Pandas is importing pyplot under the hood no matter what.

The pyplot interface is for exploratory work (as opposed to the OO interface).

On Tue, Feb 24, 2015, 22:23 Kevin Sheppard notifications@github.com wrote:

You may need a call to plt.draw() (pandas may not being doing this automatically under the hood). Another option is to make a call to plt.figure() before plotting a series.

The problem with this process is that pyplot hasn't been imported - and it isn't clear why someone should need to accesspyplot directly to do exploratory, often throw-away work.

— Reply to this email directly or view it on GitHub https://github.com/pydata/pandas/issues/8776#issuecomment-75898892.

bashtage commented 9 years ago

Pandas is importing pyplot under the hood no matter what. The pyplot interface is for exploratory work (as opposed to the OO interface).

I understand - my only gripe here is that it should not be necessary to explicitly import pyplot just a pandas plot() method, on either a DataFrame or a Series. Right now, this is only true for a DataFrame

michaelaye commented 9 years ago

I too am in the camp of finding it annoying that a Series does not open a plot window on it's own. Pandas is extraordinary helpful for exploratory data analysis and I just don't see the logic behind having a DataFrame opening a new figure just fine and a Series, which in terms of the data analyst is just another column, would NOT do that. I feel that this throws me off all the time, it just does not make any sense to me, so I would to see this discussed more on both the MPL and Pandas point of views, to help me make sense of it. Edit: I meant above for the nbagg/notebook backend. In inline this works for whatever reason, but I guess this is related.

spencerogden commented 7 years ago

I agree that the inconsistent behavior for .plot() is a gotcha. Personally, I like the DataFrame behavior. Plotting on the same axes is straight forward and intuitive:

ax = pandas.DataFrame(...).plot()
pandas.DataFrame(...).plot(ax=ax)

As opposed to Series, which, with the current behavior, requires to the non-intuitive to_frame() to get the DataFrame like behavior. While this works and is not a lot of extra typing, I don't think this is a trick users discover on their own.
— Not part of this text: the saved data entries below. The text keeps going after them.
lemma growth_index_le_on_Icc:
  assumes Y: "young_function \<Phi>" and t: "0 < a" "a \<le> t" "t \<le> b"
  shows "growth_index \<Phi> t \<le> b * right_deriv \<Phi> b / \<Phi> a"
proof -
  have cv: "convex_on {0..} \<Phi>" using Y by (rule young_function_convex)
  have t0: "0 < t" using t by simp
  have tD_nonneg: "0 \<le> t * right_deriv \<Phi> t"
    using growth_index_ge_1[OF Y t0] young_function_pos[OF Y t0]
    by (simp add: growth_index_def le_divide_eq)
  then have D_nonneg: "0 \<le> right_deriv \<Phi> t"
    using t0 by (simp add: zero_le_mult_iff)
  have D_mono: "right_deriv \<Phi> t \<le> right_deriv \<Phi> b"
  proof (cases "t = b")
    case False
    with t have "t < b" by simp
    have "right_deriv \<Phi> t \<le> (\<Phi> (t + (b - t)) - \<Phi> t) / (b - t)"
      using convex_on_right_deriv(2)[OF cv t0, of "b - t"] \<open>t < b\<close> by simp
    also have "\<dots> \<le> right_deriv \<Phi> b"
      using convex_on_right_deriv(3)[OF cv _ _ \<open>t < b\<close>] t0 \<open>t < b\<close> by simp
    finally show ?thesis .
  qed simp
  have "t * right_deriv \<Phi> t \<le> b * right_deriv \<Phi> b"
    using D_nonneg D_mono t by (intro mult_mono) auto
  then show ?thesis
    unfolding growth_index_def
    using young_function_mono[OF Y, of a t] young_function_pos[OF Y \<open>0 < a\<close>] tD_nonneg t
    by (intro frac_le) auto
qed

lemma right_DERIV_nonneg_imp_nondecreasing:
  fixes f f' :: "real \<Rightarrow> real"
  assumes xy: "x \<le> y" and cont: "continuous_on {x..y} f"
    and der: "\<And>t. x \<le> t \<Longrightarrow> t < y \<Longrightarrow> (f has_real_derivative f' t) (at t within {t<..})"
    and nonneg: "\<And>t. x \<le> t \<Longrightarrow> t < y \<Longrightarrow> 0 \<le> f' t"
  shows "f x \<le> f y"
proof (rule ccontr)
  assume "\<not> f x \<le> f y"
  then have fy: "f y < f x" by simp
  with xy have "x < y" by (cases "x = y") auto
  define e where "e = (f x - f y) / (2 * (y - x))"
  have e: "0 < e" using fy \<open>x < y\<close> by (simp add: e_def)
  \<comment> \<open>Sup S is the last point up to which f stays above the line of slope -e through (x, f x)\<close>
  define S where "S = {s \<in> {x..y}. f x - e * (s - x) \<le> f s}"
  have "closed S" unfolding S_def
    by (intro continuous_on_closed_Collect_le cont continuous_intros)
  moreover have "x \<in> S" "bdd_above S" using xy by (auto simp: S_def)
  ultimately have cS: "Sup S \<in> S" using closed_contains_Sup by blast
  have c: "x \<le> Sup S" "Sup S \<le> y" "f x - e * (Sup S - x) \<le> f (Sup S)" using cS by (auto simp: S_def)
  show False
  proof (cases "Sup S < y")
    case True
    have "((\<lambda>z. (f z - f (Sup S)) / (z - Sup S)) \<longlongrightarrow> f' (Sup S)) (at_right (Sup S))"
      using der[OF c(1) True] by (simp add: has_field_derivative_iff)
    moreover have "- e < f' (Sup S)" using nonneg[OF c(1) True] e by simp
    ultimately have "\<forall>\<^sub>F z in at_right (Sup S). - e < (f z - f (Sup S)) / (z - Sup S)"
      by (rule order_tendstoD)
    moreover have "\<forall>\<^sub>F z in at_right (Sup S). z < y"
      using True eventually_at_right_field by blast
    moreover note eventually_at_right_less[of "Sup S"]
    ultimately have "\<forall>\<^sub>F z in at_right (Sup S).
        Sup S < z \<and> z < y \<and> - e < (f z - f (Sup S)) / (z - Sup S)"
      by eventually_elim blast
    then obtain z where z: "Sup S < z" "z < y" "- e < (f z - f (Sup S)) / (z - Sup S)"
      by (auto dest: eventually_happens simp: trivial_limit_at_right_real)
    then have "f x - e * (z - x) \<le> f z"
      using c(3) by (simp add: less_divide_eq algebra_simps)
    then have "z \<in> S" using z c by (simp add: S_def)
    then show False using z \<open>bdd_above S\<close> cSup_upper by fastforce
  next
    case False
    then have "Sup S = y" using c by simp
    then have "f x - e * (y - x) \<le> f y" using c by simp
    moreover have "e * (y - x) = (f x - f y) / 2" using \<open>x < y\<close> by (simp add: e_def field_simps)
    ultimately show False using fy by (simp add: field_simps)
  qed
qed

lemma young_power_quotient_has_right_derivative:
  assumes Y: "young_function \<Phi>" and t: "0 < t"
  shows "((\<lambda>s. \<Phi> s * s powr m) has_real_derivative
           t powr (m - 1) * (t * right_deriv \<Phi> t + m * \<Phi> t)) (at t within {t<..})"
proof -
  have "((\<lambda>s. \<Phi> s * s powr m) has_real_derivative
      right_deriv \<Phi> t * t powr m + m * t powr (m - 1) * \<Phi> t) (at t within {t<..})"
    by (rule DERIV_mult[OF convex_on_has_right_derivative[OF young_function_convex[OF Y] t]
          has_field_derivative_at_within[OF has_real_derivative_powr[OF t]]])
  moreover have "t powr m = t powr (m - 1) * t"
    using t by (simp add: powr_diff)
  ultimately show ?thesis by (simp add: algebra_simps)
qed

lemma young_power_growth_upper:
  assumes Y: "young_function \<Phi>" and xy: "0 < x" "x \<le> y"
    and index: "\<And>t. x \<le> t \<Longrightarrow> t \<le> y \<Longrightarrow> growth_index \<Phi> t \<le> m"
  shows "\<Phi> y * x powr m \<le> \<Phi> x * y powr m"
proof -
  have "- (\<Phi> x * x powr (-m)) \<le> - (\<Phi> y * y powr (-m))"
  proof (rule right_DERIV_nonneg_imp_nondecreasing[OF xy(2)])
    have "continuous_on {x..y} \<Phi>"
      using young_function_continuous_on[OF Y] by (rule continuous_on_subset) (use xy in auto)
    then show "continuous_on {x..y} (\<lambda>s. - (\<Phi> s * s powr (-m)))"
      using xy by (intro continuous_intros) auto
    fix t assume t: "x \<le> t" "t < y"
    then have t0: "0 < t" using xy by simp
    show "((\<lambda>s. - (\<Phi> s * s powr (-m))) has_real_derivative
        - (t powr (-m - 1) * (t * right_deriv \<Phi> t + -m * \<Phi> t))) (at t within {t<..})"
      using young_power_quotient_has_right_derivative[OF Y t0, of "-m"] by (intro DERIV_minus) simp
    have "t * right_deriv \<Phi> t \<le> m * \<Phi> t"
      using index[of t] t young_function_pos[OF Y t0] by (simp add: growth_index_def pos_divide_le_eq)
    then show "0 \<le> - (t powr (-m - 1) * (t * right_deriv \<Phi> t + -m * \<Phi> t))"
      by (simp add: mult_nonneg_nonpos)
  qed
  then have "\<Phi> y * y powr (-m) * (x powr m * y powr m) \<le> \<Phi> x * x powr (-m) * (x powr m * y powr m)"
    by (intro mult_right_mono) auto
  then show ?thesis using xy by (simp add: powr_minus field_simps)
qed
And it certainly isn't clear from the docs how to get this behavior.

pandas.Series(...).plot()
pandas.Series(...).to_frame().plot() # Surprising

At a minimum, the documentation should be amended: DataFrame.plot() ax : matplotlib axes object, default None, resulting in the plot appearing on a new figure.
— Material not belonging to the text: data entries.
(* Let $\Lambda$ be a countable index set and let $\{y_\lambda\}_{\lambda\in\Lambda}\subseteq\mathbb R^n$ satisfy: (a) for every compact $K\subseteq\mathbb R^n$ there is $C_K>0$ with $\sup_{x\in\mathbb R^n}|\{\lambda\in\Lambda: x\in y_\lambda+K\}|\le C_K$; (b) there is a bounded open neighbourhood $U$ of the origin with $\mathbb R^n=\bigcup_{\lambda\in\Lambda}(y_\lambda+U)$. Then for every $h>0$ and $\varepsilon>0$ there is $R>0$ such that $$\sup_{\mu\in\Lambda}\sum_{\{\lambda\in\Lambda:\,|y_\lambda-y_\mu|>R\}}e^{-A(h|y_\lambda-y_\mu|)}\le\varepsilon.$$
   Context: $\{A_p\}_{p\in\mathbb N}$ is a sequence of positive numbers with $A_0=A_1=1$ satisfying (M.1) $A_p^2\le A_{p-1}A_{p+1}$ ($p\ge1$), (M.2) $A_{p+q}\le c_0H^{p+q}A_pA_q$ for some $c_0,H\ge1$, (M.6) $p!\le c_0L_0^pA_p$ for some $c_0,L_0\ge1$, and (M.2)$^*$: $2m_p\le m_{pN}$ for $p\ge p_0$, some $p_0,N\in\mathbb Z_+$, where $m_j=A_j/A_{j-1}$. Its associated function is $A(\rho)=\sup_{p\in\mathbb N}\ln(\rho^p/A_p)$, $\rho\ge0$. *)

theory Defs
  imports "HOL-Analysis.Analysis"
begin

text \<open>Quotient sequence m_j = A_j / A_{j-1} (used for j \<ge> 1).\<close>
definition quot_seq :: "(nat \<Rightarrow> real) \<Rightarrow> nat \<Rightarrow> real" where
  "quot_seq A j = A j / A (j - 1)"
Series.plot() ax : matplotlib axes object, default gca(), resulting in the plot appearing on the last drawn figure.

tacaswell commented 7 years ago

Responding (very late) to @michaelaye it 'works' with inline because it does not keep live figures around, thus the next call to gca has to make a new figure. No other backend works this way, the behavior of 'nbagg' is the normal case.